My solution is to use inter VLAN routing on a Layer 3 switch. I would configure the NTP server in its own VLAN, and for every customer who wants the service would be assigned their own unique vlan for connectivity. For each customer I would use a /30 subnet between our L3 switch and themselves and run BGP to advertise the NTP server.
I would like to know if my solution should work, or if anyone has any better solutions I would be interested to hear. We want to make it as straight forward as possible whilst maintaining integrity and performance.
Kind Regards
James
Solved! Go to Solution.
03-20-2017 08:13 AM
Create prefix-list or route-maps that will allow only subnet with your NTP to be announced out to any BGP peer. It will prevent your clients to learn routes from other clients, and it will allow you to learn all your clients routes and be able to send them NTP traffic back.

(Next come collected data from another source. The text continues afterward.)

lemma L2_if_fourier_dominated:
  assumes "u \<in> L2 M" "\<And>n l. l < m n \<Longrightarrow> cmod (fourier f n l) \<le> C * cmod (fourier u n l)"
  shows "f \<in> L2 M"
proof -
  have "summable (\<lambda>n. C\<^sup>2 * energy (fourier u) n)"
    using assms(1) by (simp add: L2_iff_summable_energy)
  hence "summable (energy (fourier f))"
    by (rule summable_comparison_test') (simp add: energy_nonneg energy_le_if_dominated assms(2))
  thus ?thesis by (simp add: L2_iff_summable_energy)
qed

lemma Ltwo_norm_le_if_fourier_dominated:
  assumes "u \<in> L2 M" "0 \<le> C" "\<And>n l. l < m n \<Longrightarrow> cmod (fourier f n l) \<le> C * cmod (fourier u n l)"
  shows "Ltwo_norm M f \<le> C * Ltwo_norm M u"
proof -
  have f: "f \<in> L2 M" using L2_if_fourier_dominated assms(1,3) .
  have su: "summable (energy (fourier u))" and sf: "summable (energy (fourier f))"
    using assms(1) f by (simp_all add: L2_iff_summable_energy)
  have "Ltwo_norm M f \<le> sqrt (\<Sum>n. C\<^sup>2 * energy (fourier u) n)"
    unfolding Ltwo_norm_eq_energy[OF f]
    by (intro real_sqrt_le_mono suminf_le summable_mult su sf energy_le_if_dominated assms(3))
  also have "\<dots> = C * Ltwo_norm M u"
    using assms(2) by (simp add: suminf_mult[OF su] real_sqrt_mult Ltwo_norm_eq_energy[OF assms(1)])
  finally show ?thesis .
qed

lemma fourier_fourier_mult: "l < m n \<Longrightarrow> fourier (fourier_mult \<phi> f) n l = \<phi> n l * fourier f n l"
  unfolding fourier_mult_def by (rule fourier_fourier_inv)

lemma fourier_mult_fourier_mult:
  "fourier_mult \<phi> (fourier_mult \<psi> f) = fourier_mult (\<lambda>n l. \<phi> n l * \<psi> n l) f"
  unfolding fourier_mult_def[of \<phi>] fourier_mult_def[of "\<lambda>n l. \<phi> n l * \<psi> n l"]
  by (intro fourier_inv_cong) (simp add: fourier_fourier_mult mult.assoc)

lemma fourier_mult_lincomb:
  "fourier_mult \<phi> (\<lambda>x. a * f x + b * g x) = (\<lambda>x. a * fourier_mult \<phi> f x + b * fourier_mult \<phi> g x)"
proof -
  have "(\<lambda>n l. \<phi> n l * fourier (\<lambda>x. a * f x + b * g x) n l) =
        (\<lambda>n l. a * (\<phi> n l * fourier f n l) + b * (\<phi> n l * fourier g n l))"
    by (simp add: fourier_lincomb algebra_simps)
  thus ?thesis unfolding fourier_mult_def by (intro ext) (simp only: fourier_inv_lincomb)
qed

lemma bounded_op_fourier_mult:
  assumes bound: "\<And>n l. l < m n \<Longrightarrow> cmod (\<phi> n l) \<le> B"
  shows "bounded_op M (fourier_mult \<phi>)"
proof -
  have "0 \<le> B" using bound[of 0 0] block_size_pos[of 0] by (meson norm_ge_zero order_trans)
  have dominated: "cmod (fourier (fourier_mult \<phi> f) n l) \<le> B * cmod (fourier f n l)" if "l < m n" for f n l
    using bound[OF that] by (simp add: fourier_fourier_mult that norm_mult mult_right_mono)
  show ?thesis
    unfolding bounded_op_def
  proof (intro conjI ballI allI impI exI)
    fix f assume "f \<in> L2 M"
    thus "fourier_mult \<phi> f \<in> L2 M" by (rule L2_if_fourier_dominated) (rule dominated)
    show "Ltwo_norm M (fourier_mult \<phi> f) \<le> B * Ltwo_norm M f"
      using \<open>f \<in> L2 M\<close> \<open>0 \<le> B\<close> by (rule Ltwo_norm_le_if_fourier_dominated) (rule dominated)
  next
    fix f g assume "ae_eq M f g"
    thus "ae_eq M (fourier_mult \<phi> f) (fourier_mult \<phi> g)"
      by (simp add: ae_eq_iff_fourier fourier_fourier_mult)
  next
    fix f g a b
    show "ae_eq M (fourier_mult \<phi> (\<lambda>x. a * f x + b * g x))
                  (\<lambda>x. a * fourier_mult \<phi> f x + b * fourier_mult \<phi> g x)"
      by (simp add: fourier_mult_lincomb ae_eq_def)
  qed
qed

lemma tendsto_Ltwo_norm_zero_if_fourier_dominated:
  assumes "F \<noteq> bot" "u \<in> L2 M"
    and dominated: "\<forall>\<^sub>F h in F. \<forall>n l. l < m n \<longrightarrow> cmod (fourier (g h) n l) \<le> C * cmod (fourier u n l)"
    and lim: "\<And>n l. l < m n \<Longrightarrow> ((\<lambda>h. fourier (g h) n l) \<longlongrightarrow> 0) F"
  shows "((\<lambda>h. Ltwo_norm M (g h)) \<longlongrightarrow> 0) F"
proof -
  have "((\<lambda>h. \<Sum>n. energy (fourier (g h)) n) \<longlongrightarrow> (\<Sum>n. 0)) F"
  proof (rule tannerys_theorem[THEN conjunct2, THEN conjunct2])
    show "((\<lambda>h. energy (fourier (g h)) n) \<longlongrightarrow> 0) F" for n
      unfolding energy_def
      using tendsto_sum[of "{..<m n}" "\<lambda>l h. (cmod (fourier (g h) n l))\<^sup>2" "\<lambda>_. 0" F]
      by (simp add: tendsto_norm_zero lim tendsto_power_zero)
    show "summable (\<lambda>n. C\<^sup>2 * energy (fourier u) n)"
      using assms(2) by (simp add: L2_iff_summable_energy)
    have "\<forall>\<^sub>F h in F. \<forall>n. energy (fourier (g h)) n \<le> C\<^sup>2 * energy (fourier u) n"
      using dominated by eventually_elim (simp add: energy_le_if_dominated)
    from eventually_prodI[OF eventually_True this]
    show "\<forall>\<^sub>F (n, h) in at_top \<times>\<^sub>F F. norm (energy (fourier (g h)) n) \<le> C\<^sup>2 * energy (fourier u) n"
      by (rule eventually_mono) (auto simp: energy_nonneg)
  qed fact
  hence "((\<lambda>h. sqrt (\<Sum>n. energy (fourier (g h)) n)) \<longlongrightarrow> sqrt 0) F"
    unfolding suminf_zero by (rule tendsto_real_sqrt)
  moreover have "\<forall>\<^sub>F h in F. sqrt (\<Sum>n. energy (fourier (g h)) n) = Ltwo_norm M (g h)"
    using dominated
  proof eventually_elim
    case (elim h)
    hence "g h \<in> L2 M" by (intro L2_if_fourier_dominated[OF assms(2)]) auto
    thus ?case by (simp add: Ltwo_norm_eq_energy)
  qed
  ultimately show ?thesis by (simp add: tendsto_cong)
qed

definition fourier_mode :: "nat \<Rightarrow> nat \<Rightarrow> real \<Rightarrow> complex" where
  "fourier_mode N L = fourier_inv (\<lambda>n l. if n = N \<and> l = L then 1 else 0)"

lemma fourier_fourier_mode:
  "l < m n \<Longrightarrow> fourier (fourier_mode N L) n l = (if n = N \<and> l = L then 1 else 0)"
  unfolding fourier_mode_def by (rule fourier_fourier_inv)

lemma energy_fourier_mode:
  assumes "L < m N"
  shows "energy (fourier (fourier_mode N L)) n = (if n = N then 1 else 0)"
proof -
  have "energy (fourier (fourier_mode N L)) n = (\<Sum>l<m n. if n = N \<and> l = L then 1 else 0)"
    unfolding energy_def by (intro sum.cong) (auto simp: fourier_fourier_mode)
  thus ?thesis using assms by (cases "n = N") simp_all
qed

lemma fourier_mode_unit:
  assumes "L < m N"
  shows "fourier_mode N L \<in> L2 M" "Ltwo_norm M (fourier_mode N L) = 1"
proof -
  have "energy (fourier (fourier_mode N L)) sums 1"
    unfolding energy_fourier_mode[OF assms] using sums_single[of N "\<lambda>_. 1::real"] by simp
  thus "fourier_mode N L \<in> L2 M" "Ltwo_norm M (fourier_mode N L) = 1"
    by (auto simp: L2_iff_summable_energy Ltwo_norm_eq_energy sums_iff)
qed

lemma fourier_mult_fourier_mode:
  assumes "L < m N"
  shows "fourier_mult \<phi> (fourier_mode N L) = (\<lambda>x. \<phi> N L * fourier_mode N L x)"
proof -
  have "fourier_mult \<phi> (fourier_mode N L) =
          fourier_inv (\<lambda>n l. \<phi> N L * (if n = N \<and> l = L then 1 else 0) + 0 * 0)"
    unfolding fourier_mult_def by (intro fourier_inv_cong) (simp add: fourier_fourier_mode)
  thus ?thesis unfolding fourier_inv_lincomb fourier_mode_def by simp
qed

lemma symbol_limit_in_op_spectrum:
  assumes "\<And>k. l k < m (n k)" "(\<lambda>k. \<phi> (n k) (l k)) \<longlonglongrightarrow> c"
  shows "c \<in> op_spectrum M (fourier_mult \<phi>)"
  using fourier_mode_unit[OF assms(1)] fourier_mult_fourier_mode[OF assms(1)] assms(2)
  by (rule eigenvalue_limit_in_op_spectrum)

lemma fourier_mult_shift:
  "fourier_mult (\<lambda>n l. c n * unit_root (m n) ^ (l * k)) f (node n j) = c n * f (node n ((j + k) mod m n))"
proof -
  have "fourier_mult (\<lambda>n l. c n * unit_root (m n) ^ (l * k)) f (node n j) =
          c n * idft (m n) (\<lambda>l. unit_root (m n) ^ (l * k) * fourier f n l) j"
    unfolding fourier_mult_def fourier_inv_node idft_def
    by (simp add: sum_distrib_left mult.assoc times_divide_eq_right)
  thus ?thesis unfolding fourier_def by (simp add: idft_dft_shift block_size_pos)
qed

lemma fourier_mult_sums:
  assumes "\<And>n l. (\<lambda>k. \<phi> k n l) sums \<psi> n l"
  shows "(\<lambda>k. fourier_mult (\<phi> k) f x) sums fourier_mult \<psi> f x"
  unfolding fourier_mult_def fourier_inv_def idft_def
  by (auto split: prod.split intro!: sums_divide sums_sum sums_mult2 assms)

end

section \<open>Semigroups of Fourier multipliers\<close>

lemma eventually_at_right_0_le_1: "\<forall>\<^sub>F h in at_right (0::real). 0 < h \<and> h \<le> 1"
  by (rule eventually_at_rightI[where b = 1]) auto

lemma mult_le_max_0: "0 \<le> h \<Longrightarrow> h \<le> 1 \<Longrightarrow> h * x \<le> max 0 (x::real)"
  by (cases "0 \<le> x") (auto simp: mult_left_le_one_le mult_nonneg_nonpos le_max_iff_disj)

lemma norm_exp_minus_1_le: "cmod (exp z - 1) \<le> cmod z * exp (max 0 (Re z))"
proof -
  have "cmod (exp z - exp 0) \<le> exp (max 0 (Re z)) * cmod (z - 0)"
  proof (rule field_differentiable_bound[where f = exp and f' = exp and S = "closed_segment 0 z"])
    show "(exp has_field_derivative exp v) (at v within closed_segment 0 z)" for v
      by (rule DERIV_subset[OF DERIV_exp]) simp
    show "cmod (exp v) \<le> exp (max 0 (Re z))" if v: "v \<in> closed_segment 0 z" for v
    proof -
      obtain u where "0 \<le> u" "u \<le> 1" "v = u *\<^sub>R z"
        using v by (auto simp: in_segment)
      hence "Re v \<le> max 0 (Re z)" using mult_le_max_0[of u "Re z"] by simp
      thus ?thesis by (simp add: norm_exp_eq_Re)
    qed
  qed simp_all
  thus ?thesis by (simp add: mult.commute)
qed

It should be fairly scalable, you'll just re-use same prefix list for every BGP peer, in reality, it adds one more command per peer.
03-17-2017 10:18 AM
Maybe, maybe not.
Still not sure why would anyone pay for NTP from data center, there are atomic and GPS clocks available on the internet for free...
But that's not the point, you didn't specify if IP address of NTP would be private or public. If it's private, you may have IP address overlap with customer's IPs and that's usually not good.
Also, I wouldn't use VLANs since you will be sharing your L2 into other networks (potentional SPT or VTP issues), just use no switchport command on the switch and use port as L3 port.
Make sure you prevent your routing leak between customers. You want to make sure they do not use your link to access each other.
For some reason, I am thinking this is a bad idea. You should use firewall between clients and you and clients and clients. Put them in different zones, make sure they cannot access anything except NTP, make sure there is no routing leak between your customers, etc. Potentially, scenario like this can be disastrous...
03-20-2017 04:44 AM
Thanks for your reply Mile.
The reason for the NTP solution is due to co-located customers raising the requirement of a local server as apposed to going out onto the public web.
The thinking was that we would restrict the VLAN's over the trunk link, so customers could only access the NTP VLAN and their own unique VLAN. It would be a totally independent network specifically for the NTP server so separate to our own corporate network.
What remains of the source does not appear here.